In 1996, Rosario was convicted of murder in the Bronx. Two eyewitnesses picked him out of a photo lineup, and that was the whole case.

The reality:

Rosario had a rock-solid alibi that he was in Florida when the murder happened. He even gave the police the names of 13 people who could confirm it, but his original defense team? They never spoke to a single one of them. Twenty years of his life were gone, based on eyewitness testimony that didn’t hold up.

The outcome:

In 2016, the conviction was finally vacated, and the prosecution eventually dropped all charges. This was when Rosario finally walked free.


Anthony Wright

This Dateline case is a stark reminder of how police misconduct can ruin lives and how science can fix it.

The conviction:

In 1993, police pinned a brutal crime on Anthony Wright. An elderly woman had been raped and killed in Philadelphia, and investigators said Wright confessed almost right away. Fourteen minutes, they claimed, and that detail alone became a cornerstone of the case, even as serious questions about how that confession came to be went largely unasked.

The reality:

Wright never accepted the confession as real. He said it came out of fear, not truth. The room was tense. The pressure was constant as threats hung in the air. Years later, science stepped in where words had failed. DNA testing pointed to someone else entirely. The evidence traced the crime back to Ronnie Byrd, not Wright, but that shift changed everything.

The outcome:

According to Dateline, in 2016, Wright was acquitted in a retrial. He also won a $9.85 million settlement in a civil lawsuit against the city of Philadelphia.


Clarence Moses-EL

This is one of the strangest and most tragic cases in Dateline’s history. It all started with an identification made… in a dream, just like the Ryan Ferguson case.

The conviction:

In 1988, Moses-EL was sentenced to 48 years for a brutal assault and rape in Denver. The victim couldn’t identify her attacker at first. But later, she told police the identity “came to her in a dream.” That dream became the foundation of the case against him.

The reality:

Moses-EL fought for decades to get DNA testing done, but the Denver Police Department destroyed the evidence, accidentally, and despite a court order to preserve it. Years later, another man sent a letter from prison confessing to the crime.

The outcome:

After 28 years behind bars, Moses-EL finally got a new trial. In 2016, he was acquitted, and the state of Colorado awarded him nearly $2 million in compensation, an acknowledgment for nearly three decades of lost life.

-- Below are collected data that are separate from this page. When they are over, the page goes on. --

lemma faithful_left_cancel:
  assumes X: "is_vdc X" and inj_obj: "inj_on_objects A i" and inj_loose: "inj_on_loose A i"
    and faithful: "faithful A i"
    and h: "preserves_boundaries X A h" and h': "preserves_boundaries X A h'"
    and eq: "vdf_eq X (vdf_comp i h) (vdf_comp i h')"
  shows "vdf_eq X h h'"
proof -
  have obj: "fo h x = fo h' x" if "x \<in> Ob X" for x
    using inj_onD[OF inj_obj[unfolded inj_on_objects_def]] eq that preserves_obj[OF h] preserves_obj[OF h']
    by (simp add: vdf_eq_def vdf_comp_def)
  have loose: "fl h p = fl h' p" if "p \<in> Lo X" for p
    using inj_onD[OF inj_loose[unfolded inj_on_loose_def]] eq that preserves_loose[OF h] preserves_loose[OF h']
    by (simp add: vdf_eq_def vdf_comp_def)
  have tight: "ft h u = ft h' u" if u: "u \<in> Tt X" for u
    using faithful_tightD[OF faithful] preserves_tight[OF h u] preserves_tight[OF h' u]
      obj vdc_tight_ends[OF X u] eq u by (simp add: vdf_eq_def vdf_comp_def)
  have cell: "fc h c = fc h' c" if c: "c \<in> Ce X" for c
  proof (rule faithful_cellD[OF faithful])
    note bd = vdc_cell_boundary[OF X c] and hc = preserves_cell[OF h c] and hc' = preserves_cell[OF h' c]
    have "set (csrc X c) \<subseteq> Lo X" "tdom X (cleft X c) \<in> Ob X"
      using lpath_in_carriers[OF X] bd by blast+
    then show "csrc A (fc h c) = csrc A (fc h' c)"
      "tdom A (cleft A (fc h c)) = tdom A (cleft A (fc h' c))"
      using hc hc' loose obj preserves_tight[OF h] preserves_tight[OF h'] bd
      by (auto intro!: map_cong)
    show "fc h c \<in> Ce A" "fc h' c \<in> Ce A" "ctgt A (fc h c) = ctgt A (fc h' c)"
      using hc hc' loose bd by auto
    show "fc i (fc h c) = fc i (fc h' c)" using eq c by (simp add: vdf_eq_def vdf_comp_def)
  qed
  show ?thesis using obj tight loose cell by (simp add: vdf_eq_def)
qed

section \<open>Lifting along a fully faithful functor\<close>

locale image_lifting =
  fixes A :: "('ao, 'at, 'al, 'ac) vdc" and B :: "('bo, 'bt, 'bl, 'bc) vdc"
    and X :: "('xo, 'xt, 'xl, 'xc) vdc"
    and i :: "('ao, 'at, 'al, 'ac, 'bo, 'bt, 'bl, 'bc) vdf"
    and f :: "('xo, 'xt, 'xl, 'xc, 'bo, 'bt, 'bl, 'bc) vdf"
  assumes i: "is_vdf A B i" and fully_faithful: "fully_faithful A B i"
    and inj_obj: "inj_on_objects A i" and inj_loose: "inj_on_loose A i"
    and f: "is_vdf X B f"
    and obj_image: "fo f ` Ob X \<subseteq> fo i ` Ob A" and loose_image: "fl f ` Lo X \<subseteq> fl i ` Lo A"
begin

lemma A: "is_vdc A" and X: "is_vdc X"
  using is_vdf_is_vdc i f by auto

lemma faithful: "faithful A i"
  using fully_faithful_faithful[OF A fully_faithful] .

definition lift_obj :: "'xo \<Rightarrow> 'ao" where
  "lift_obj x = the_inv_into (Ob A) (fo i) (fo f x)"

definition lift_loose :: "'xl \<Rightarrow> 'al" where
  "lift_loose p = the_inv_into (Lo A) (fl i) (fl f p)"

definition lift_tight :: "'xt \<Rightarrow> 'at" where
  "lift_tight u = (SOME g. g \<in> Tt A \<and> tdom A g = lift_obj (tdom X u) \<and>
      tcod A g = lift_obj (tcod X u) \<and> ft i g = ft f u)"

definition lift_cell :: "'xc \<Rightarrow> 'ac" where
  "lift_cell c = (SOME d. d \<in> Ce A \<and> csrc A d = map lift_loose (csrc X c) \<and>
      tdom A (cleft A d) = lift_obj (tdom X (cleft X c)) \<and> ctgt A d = lift_loose (ctgt X c) \<and>
      fc i d = fc f c)"

definition lift :: "('xo, 'xt, 'xl, 'xc, 'ao, 'at, 'al, 'ac) vdf" where
  "lift = \<lparr>fo = lift_obj, ft = lift_tight, fl = lift_loose, fc = lift_cell\<rparr>"

lemma lift_obj:
  assumes "x \<in> Ob X"
  shows "lift_obj x \<in> Ob A \<and> fo i (lift_obj x) = fo f x"
proof -
  have "fo f x \<in> fo i ` Ob A" using obj_image assms by blast
  then show ?thesis using inj_obj unfolding lift_obj_def inj_on_objects_def
    by (simp add: the_inv_into_into f_the_inv_into_f)
qed

lemma lift_loose:
  assumes "p \<in> Lo X"
  shows "lift_loose p \<in> Lo A \<and> fl i (lift_loose p) = fl f p"
proof -
  have "fl f p \<in> fl i ` Lo A" using loose_image assms by blast
  then show ?thesis using inj_loose unfolding lift_loose_def inj_on_loose_def
    by (simp add: the_inv_into_into f_the_inv_into_f)
qed

lemma lift_loose_ends:
  assumes p: "p \<in> Lo X"
  shows "lsrc A (lift_loose p) = lift_obj (lsrc X p) \<and> ltgt A (lift_loose p) = lift_obj (ltgt X p)"
proof -
  note ends = vdc_loose_ends[OF X p] and lp = lift_loose[OF p]
  note ends' = vdc_loose_ends[OF A conjunct1[OF lp]]
  note bi = preserves_loose[OF is_vdf_preserves_boundaries[OF i] conjunct1[OF lp]]
    and bf = preserves_loose[OF is_vdf_preserves_boundaries[OF f] p]
  have "fo i (lsrc A (lift_loose p)) = fo i (lift_obj (lsrc X p))"
    "fo i (ltgt A (lift_loose p)) = fo i (lift_obj (ltgt X p))"
    using bi bf lp lift_obj ends by auto
  then show ?thesis
    using inj_onD[OF inj_obj[unfolded inj_on_objects_def]] ends' lift_obj ends by blast
qed

lemma lpath_lift: "lpath X x ps y \<Longrightarrow> lpath A (lift_obj x) (map lift_loose ps) (lift_obj y)"
  by (induction ps arbitrary: x) (use lift_obj lift_loose lift_loose_ends in auto)

lemma lift_tight:
  assumes u: "u \<in> Tt X"
  shows "lift_tight u \<in> Tt A \<and> tdom A (lift_tight u) = lift_obj (tdom X u) \<and>
    tcod A (lift_tight u) = lift_obj (tcod X u) \<and> ft i (lift_tight u) = ft f u"
proof -
  note ends = vdc_tight_ends[OF X u]
  have "\<exists>g. g \<in> Tt A \<and> tdom A g = lift_obj (tdom X u) \<and> tcod A g = lift_obj (tcod X u) \<and> ft i g = ft f u"
    using fully_faithful_tight_surj[OF fully_faithful] lift_obj ends
      preserves_tight[OF is_vdf_preserves_boundaries[OF f] u] by simp
  then show ?thesis unfolding lift_tight_def by (rule someI_ex)
qed

lemma lift_cell:
  assumes c: "c \<in> Ce X"
  shows "lift_cell c \<in> Ce A \<and> csrc A (lift_cell c) = map lift_loose (csrc X c) \<and>
    tdom A (cleft A (lift_cell c)) = lift_obj (tdom X (cleft X c)) \<and>
    ctgt A (lift_cell c) = lift_loose (ctgt X c) \<and> fc i (lift_cell c) = fc f c"
proof -
  note bd = vdc_cell_boundary[OF X c]
  have src: "set (csrc X c) \<subseteq> Lo X" and o: "tdom X (cleft X c) \<in> Ob X"
    using lpath_in_carriers[OF X] bd by blast+
  note fc = preserves_cell[OF is_vdf_preserves_boundaries[OF f] c]
  have "tdom B (cleft B (fc f c)) = fo i (lift_obj (tdom X (cleft X c)))"
    using fc preserves_tight[OF is_vdf_preserves_boundaries[OF f]] bd lift_obj[OF o] by simp
  moreover have "csrc B (fc f c) = map (fl i) (map lift_loose (csrc X c))"
    using fc src lift_loose by auto
  moreover have "ctgt B (fc f c) = fl i (lift_loose (ctgt X c))"
    using fc lift_loose bd by simp
  ultimately have "\<exists>d. d \<in> Ce A \<and> csrc A d = map lift_loose (csrc X c) \<and>
      tdom A (cleft A d) = lift_obj (tdom X (cleft X c)) \<and> ctgt A d = lift_loose (ctgt X c) \<and> fc i d = fc f c"
    using fully_faithful_cell_surj[OF fully_faithful lpath_lift] bd lift_loose fc by blast
  then show ?thesis unfolding lift_cell_def by (rule someI_ex)
qed

lemma lift_cell_sides:
  assumes c: "c \<in> Ce X"
  shows "cleft A (lift_cell c) = lift_tight (cleft X c) \<and> cright A (lift_cell c) = lift_tight (cright X c)"
proof -
  note lc = lift_cell[OF c] and bd = vdc_cell_boundary[OF X c]
  note bd' = vdc_cell_boundary[OF A conjunct1[OF lc]]
  note bi = preserves_cell[OF is_vdf_preserves_boundaries[OF i] conjunct1[OF lc]]
    and bf = preserves_cell[OF is_vdf_preserves_boundaries[OF f] c]
  note tl = lift_tight[of "cleft X c"] and tr = lift_tight[of "cright X c"]
  have "cleft A (lift_cell c) = lift_tight (cleft X c)"
    by (rule faithful_tightD[OF faithful]) (use lc bd bd' bi bf tl lift_loose_ends in auto)
  moreover have "cright A (lift_cell c) = lift_tight (cright X c)"
  proof (rule faithful_tightD[OF faithful])
    have "lpath A (lift_obj (tdom X (cleft X c))) (map lift_loose (csrc X c)) (lift_obj (tdom X (cright X c)))"
      using lpath_lift bd by blast
    then show "tdom A (cright A (lift_cell c)) = tdom A (lift_tight (cright X c))"
      using lc bd' tr bd lpath_end_unique by metis
  qed (use lc bd bd' bi bf tr lift_loose_ends in auto)
  ultimately show ?thesis ..
qed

These Dateline-covered stories of Ferguson, Faria, Wright, Ogrod, Rosario, and Moses‑EL reveal that the justice system is far from perfect.

At the same time, these cases show what persistence really looks like in this system. Lawyers who stay long after the headlines fade. Journalists who keep pulling at loose threads. Groups like the Innocence Project step in when everyone else has moved on. Freedom helps, but it doesn’t give the years back. And justice, as these stories make clear, can’t stop at a single verdict. It has to keep going.

It’s a responsibility to question, examine, and make sure the innocent are never left behind. Cases like the ones we discussed are still very much prevalent, and now and then, many are being wrongly convicted.